Навеяло, знаете ли.
Колеса звенят, вагоны летят, погоны скучают… Народ опять же разночинный, от рядового до капитана…
И думаю я и о многом и о разном… И еду в вагоне по "пусть не прекрасной, но Прусской Восточной земле…"
Не хватает только шутников-студентов, гармошечки и папироски…
До пункта назначения, городка Розенберг — два часа пути. Первый и второй батальоны и саперная и пулеметные роты с частью обоза уже там. Теперь настала и наша очередь.
Трофейный поезд ходит чартером — до места и обратно за сутки он сумел обернуться четыре раза.
Раннее утро, за окнами мелькают укрытые туманом леса и поля.
Наш батальон весь предыдущий день просидел в Госслерсхаузене в ожидании погрузки.
Я просто опупел от скуки.
В шахматы играть надоело, в карты я не играю по идеологическим соображениям, читать нечего, да и телевизора, опять же, в ближайшие лет сорок тоже не предвидится…
Развлекается народ исключительно байками, на вроде той, что рассказал намедни штабс-капитан Ильин. Когда кто-то всуе упомянул печально знакомого мне историка любителя в чине вольноопределяющегося, командир 9-ой роты припомнил подходящую по случаю историю.

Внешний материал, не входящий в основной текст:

lemma gordan_alternative:
  fixes row :: "'i \<Rightarrow> 't \<Rightarrow> real"
  assumes "finite I" "finite T"
  shows "(\<exists>y. \<forall>i\<in>I. (\<Sum>t\<in>T. row i t * y t) < 0) \<or>
    (\<exists>x. semipositive_on I x \<and> (\<forall>t\<in>T. (\<Sum>i\<in>I. x i * row i t) = 0))"
  using gordan_alternative_set[OF assms(2) finite_imageI[OF assms(1), of row]]
proof (elim disjE exE conjE)
  fix y assume "\<forall>r\<in>row ` I. (\<Sum>t\<in>T. r t * y t) < 0"
  then show ?thesis by auto
next
  fix x assume x: "semipositive_on (row ` I) x" "\<forall>t\<in>T. (\<Sum>r\<in>row ` I. x r * r t) = 0"
  txt \<open>Each row vector gets its weight on a single index representing it.\<close>
  define rep where "rep = inv_into I row"
  have rep: "rep r \<in> I" "row (rep r) = r" if "r \<in> row ` I" for r
    using that unfolding rep_def by (auto intro: inv_into_into f_inv_into_f)
  define z where "z i = (if i \<in> rep ` row ` I then x (row i) else 0)" for i
  have "(\<Sum>i\<in>I. z i * row i t) = (\<Sum>r\<in>row ` I. x r * r t)" for t
  proof -
    have "(\<Sum>i\<in>I. z i * row i t) = (\<Sum>i\<in>rep ` row ` I. x (row i) * row i t)"
      unfolding z_def using rep(1) assms(1) by (intro sum.mono_neutral_cong_right) auto
    also have "\<dots> = (\<Sum>r\<in>row ` I. x (row (rep r)) * row (rep r) t)"
      unfolding rep_def by (simp add: sum.reindex inj_on_inv_into)
    also have "\<dots> = (\<Sum>r\<in>row ` I. x r * r t)"
      using rep(2) by (intro sum.cong) auto
    finally show ?thesis .
  qed
  moreover have "semipositive_on I z"
  proof -
    have "\<forall>i\<in>I. 0 \<le> z i" using x(1) unfolding z_def semipositive_on_def by auto
    moreover obtain r where "r \<in> row ` I" "0 < x r" using x(1) unfolding semipositive_on_def by blast
    then have "rep r \<in> I" "0 < z (rep r)" using rep unfolding z_def by auto
    ultimately show ?thesis unfolding semipositive_on_def by blast
  qed
  ultimately show ?thesis using x(2) by auto
qed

— Нам вообще везет на вольноопределяющихся. — Повествовал Ильин, развалившись на потертом ковровом диване. — Нынешний — Жорж Комаровский, это еще ничего. А вот в пятнадцатом году, был у нас тако-о-о-ой фрукт! — Рассказчик мечтательно закатил глаза. — Некий Валентинкин… Из Харькова, кажется… Но сие — не суть. Большой, знаете ли, был философ и мистик. Такие теории разводил — ум за разум заходит. Вот только слушать весьма утомительно, а главное бессмысленно. Об эфирных полетах, о космосе, о тайных властителях мира, толковал. О каком-то "оке силы" мистическом, об иезуитах и древних греках. Сумбурно все как-то. Непонятно.
Штабс-капитан некоторое время помолчал, что-то обдумывая, а потом продолжил:
— Хотя, припоминаю, как-то один адъютант из корпуса, все ж таки оценил его сентенции — сильно пьян был бедняга. Вот его и пробрало, и пока не протрезвел — не отпускало. А как протрезвел, да вспомнил, что ему Валентинкин наплел — так сразу пошел и заново напился: К черту, — говорит — такую философию…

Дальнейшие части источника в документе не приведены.